** Opening Supplied data block **

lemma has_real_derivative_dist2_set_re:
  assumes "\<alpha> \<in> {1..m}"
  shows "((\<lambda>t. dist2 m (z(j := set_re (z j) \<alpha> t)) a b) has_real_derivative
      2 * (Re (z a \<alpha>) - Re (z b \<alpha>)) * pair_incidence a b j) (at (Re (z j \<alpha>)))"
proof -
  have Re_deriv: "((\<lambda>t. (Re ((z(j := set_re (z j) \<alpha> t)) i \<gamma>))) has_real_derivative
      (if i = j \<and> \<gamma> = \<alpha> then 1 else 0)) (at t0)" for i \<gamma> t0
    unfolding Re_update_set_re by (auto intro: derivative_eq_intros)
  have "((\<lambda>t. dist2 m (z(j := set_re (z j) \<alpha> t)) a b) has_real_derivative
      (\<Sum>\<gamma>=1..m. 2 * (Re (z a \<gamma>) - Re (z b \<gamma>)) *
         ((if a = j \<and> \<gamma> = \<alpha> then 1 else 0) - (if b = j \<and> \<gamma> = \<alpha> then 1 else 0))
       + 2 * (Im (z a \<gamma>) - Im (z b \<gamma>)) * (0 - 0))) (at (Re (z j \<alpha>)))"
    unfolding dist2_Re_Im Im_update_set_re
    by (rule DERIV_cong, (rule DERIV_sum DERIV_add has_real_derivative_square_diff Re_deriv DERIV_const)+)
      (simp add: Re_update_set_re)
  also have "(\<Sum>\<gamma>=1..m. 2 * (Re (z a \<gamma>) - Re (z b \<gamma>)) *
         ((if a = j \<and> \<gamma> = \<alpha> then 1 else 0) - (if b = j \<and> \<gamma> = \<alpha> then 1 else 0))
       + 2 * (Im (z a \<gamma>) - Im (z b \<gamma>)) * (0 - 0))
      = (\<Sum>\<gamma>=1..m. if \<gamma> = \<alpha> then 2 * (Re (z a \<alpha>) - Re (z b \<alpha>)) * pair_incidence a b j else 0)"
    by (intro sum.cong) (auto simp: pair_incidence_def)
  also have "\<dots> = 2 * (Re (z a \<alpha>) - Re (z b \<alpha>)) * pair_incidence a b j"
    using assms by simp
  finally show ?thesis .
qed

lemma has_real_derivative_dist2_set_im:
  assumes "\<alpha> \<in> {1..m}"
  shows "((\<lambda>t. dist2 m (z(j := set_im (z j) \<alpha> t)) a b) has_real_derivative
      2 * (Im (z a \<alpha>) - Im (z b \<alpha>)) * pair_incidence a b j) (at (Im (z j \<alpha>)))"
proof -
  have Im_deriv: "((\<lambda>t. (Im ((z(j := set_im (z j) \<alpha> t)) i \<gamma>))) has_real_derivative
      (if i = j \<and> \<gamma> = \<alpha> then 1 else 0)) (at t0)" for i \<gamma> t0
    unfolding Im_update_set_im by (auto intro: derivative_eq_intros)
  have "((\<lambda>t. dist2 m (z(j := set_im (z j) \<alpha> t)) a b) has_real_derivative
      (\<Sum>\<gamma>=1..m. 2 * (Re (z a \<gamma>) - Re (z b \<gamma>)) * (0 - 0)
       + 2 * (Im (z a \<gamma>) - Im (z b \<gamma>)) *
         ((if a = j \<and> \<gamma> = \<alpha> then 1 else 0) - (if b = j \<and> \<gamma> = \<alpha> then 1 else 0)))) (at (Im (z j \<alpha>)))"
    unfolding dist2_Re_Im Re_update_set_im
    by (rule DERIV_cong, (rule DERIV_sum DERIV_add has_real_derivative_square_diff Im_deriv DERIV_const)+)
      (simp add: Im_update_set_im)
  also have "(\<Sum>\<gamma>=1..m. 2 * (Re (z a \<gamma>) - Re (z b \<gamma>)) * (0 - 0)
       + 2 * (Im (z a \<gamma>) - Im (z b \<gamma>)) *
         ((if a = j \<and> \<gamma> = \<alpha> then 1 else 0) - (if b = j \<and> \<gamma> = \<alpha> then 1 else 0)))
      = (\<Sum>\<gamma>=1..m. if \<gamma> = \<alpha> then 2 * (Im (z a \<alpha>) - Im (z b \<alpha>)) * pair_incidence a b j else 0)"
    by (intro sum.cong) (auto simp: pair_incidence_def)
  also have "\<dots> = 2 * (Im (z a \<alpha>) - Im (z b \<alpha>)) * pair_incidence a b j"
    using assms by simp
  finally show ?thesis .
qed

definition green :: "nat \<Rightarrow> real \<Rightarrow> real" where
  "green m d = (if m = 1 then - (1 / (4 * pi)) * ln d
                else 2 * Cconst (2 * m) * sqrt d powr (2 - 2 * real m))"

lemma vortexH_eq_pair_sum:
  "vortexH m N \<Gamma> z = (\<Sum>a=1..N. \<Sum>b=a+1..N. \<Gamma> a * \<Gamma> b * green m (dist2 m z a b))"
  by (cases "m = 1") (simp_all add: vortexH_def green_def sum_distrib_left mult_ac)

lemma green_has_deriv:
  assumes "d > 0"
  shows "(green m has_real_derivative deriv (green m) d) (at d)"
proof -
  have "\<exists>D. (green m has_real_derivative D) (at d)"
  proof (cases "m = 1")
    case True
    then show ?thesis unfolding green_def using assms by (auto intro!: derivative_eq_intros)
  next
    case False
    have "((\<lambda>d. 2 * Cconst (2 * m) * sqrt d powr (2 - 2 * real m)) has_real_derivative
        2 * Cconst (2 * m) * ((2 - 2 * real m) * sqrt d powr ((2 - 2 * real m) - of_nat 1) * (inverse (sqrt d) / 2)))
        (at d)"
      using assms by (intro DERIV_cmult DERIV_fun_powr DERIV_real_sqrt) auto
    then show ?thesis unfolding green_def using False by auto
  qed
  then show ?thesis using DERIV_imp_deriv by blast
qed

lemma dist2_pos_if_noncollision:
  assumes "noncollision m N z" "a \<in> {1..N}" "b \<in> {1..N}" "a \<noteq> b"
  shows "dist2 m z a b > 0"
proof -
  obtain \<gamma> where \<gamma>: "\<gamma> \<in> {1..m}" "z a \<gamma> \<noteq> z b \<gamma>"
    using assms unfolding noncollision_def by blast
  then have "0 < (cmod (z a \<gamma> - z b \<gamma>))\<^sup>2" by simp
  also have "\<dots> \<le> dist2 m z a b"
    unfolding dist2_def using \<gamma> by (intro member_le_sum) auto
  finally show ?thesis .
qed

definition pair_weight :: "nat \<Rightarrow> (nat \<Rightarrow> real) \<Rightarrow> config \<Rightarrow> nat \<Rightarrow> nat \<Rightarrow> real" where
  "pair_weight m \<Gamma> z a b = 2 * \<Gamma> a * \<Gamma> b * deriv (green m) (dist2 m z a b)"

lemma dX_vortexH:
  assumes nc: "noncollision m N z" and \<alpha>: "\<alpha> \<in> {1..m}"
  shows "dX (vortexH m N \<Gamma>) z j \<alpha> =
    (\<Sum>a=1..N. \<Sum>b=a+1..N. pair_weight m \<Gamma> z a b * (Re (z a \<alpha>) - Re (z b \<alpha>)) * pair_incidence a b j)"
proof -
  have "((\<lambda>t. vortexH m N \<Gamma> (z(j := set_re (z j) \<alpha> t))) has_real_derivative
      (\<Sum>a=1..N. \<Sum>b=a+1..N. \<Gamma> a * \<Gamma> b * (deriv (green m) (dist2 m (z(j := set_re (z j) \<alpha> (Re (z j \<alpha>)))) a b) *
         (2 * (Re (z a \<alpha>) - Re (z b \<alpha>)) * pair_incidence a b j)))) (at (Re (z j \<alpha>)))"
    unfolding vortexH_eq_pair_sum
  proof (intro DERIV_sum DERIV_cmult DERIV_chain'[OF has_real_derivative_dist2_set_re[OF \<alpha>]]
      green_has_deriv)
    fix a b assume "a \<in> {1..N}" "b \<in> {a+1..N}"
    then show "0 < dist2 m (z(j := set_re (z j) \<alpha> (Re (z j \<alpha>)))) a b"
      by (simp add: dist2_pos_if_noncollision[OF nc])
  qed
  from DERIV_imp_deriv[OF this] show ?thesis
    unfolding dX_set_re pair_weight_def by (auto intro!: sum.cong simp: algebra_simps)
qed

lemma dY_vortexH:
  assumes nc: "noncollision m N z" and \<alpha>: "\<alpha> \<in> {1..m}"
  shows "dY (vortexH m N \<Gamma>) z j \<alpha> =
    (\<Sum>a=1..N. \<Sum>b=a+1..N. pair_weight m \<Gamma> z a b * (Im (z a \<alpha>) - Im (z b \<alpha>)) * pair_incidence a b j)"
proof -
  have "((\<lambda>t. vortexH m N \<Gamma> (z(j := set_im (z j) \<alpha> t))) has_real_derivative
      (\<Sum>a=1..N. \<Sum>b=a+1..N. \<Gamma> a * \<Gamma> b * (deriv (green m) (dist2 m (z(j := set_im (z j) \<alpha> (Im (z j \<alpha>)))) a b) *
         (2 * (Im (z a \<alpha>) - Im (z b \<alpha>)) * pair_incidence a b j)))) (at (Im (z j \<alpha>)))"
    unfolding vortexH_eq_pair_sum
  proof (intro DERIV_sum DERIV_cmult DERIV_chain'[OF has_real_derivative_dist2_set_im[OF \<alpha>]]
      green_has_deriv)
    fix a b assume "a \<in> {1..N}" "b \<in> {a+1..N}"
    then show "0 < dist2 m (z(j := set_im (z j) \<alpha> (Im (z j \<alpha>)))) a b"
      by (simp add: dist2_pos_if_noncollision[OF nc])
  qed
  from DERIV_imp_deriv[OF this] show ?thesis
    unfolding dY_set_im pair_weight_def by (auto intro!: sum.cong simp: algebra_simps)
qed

** Closing Supplied data block **

■ **Task goal**
Search the listing above for the string "cases". Copy every line that contains it.

■ **Finished exercise**
  by (cases "m = 1") (simp_all add: vortexH_def green_def sum_distrib_left mult_ac)
  proof (cases "m = 1")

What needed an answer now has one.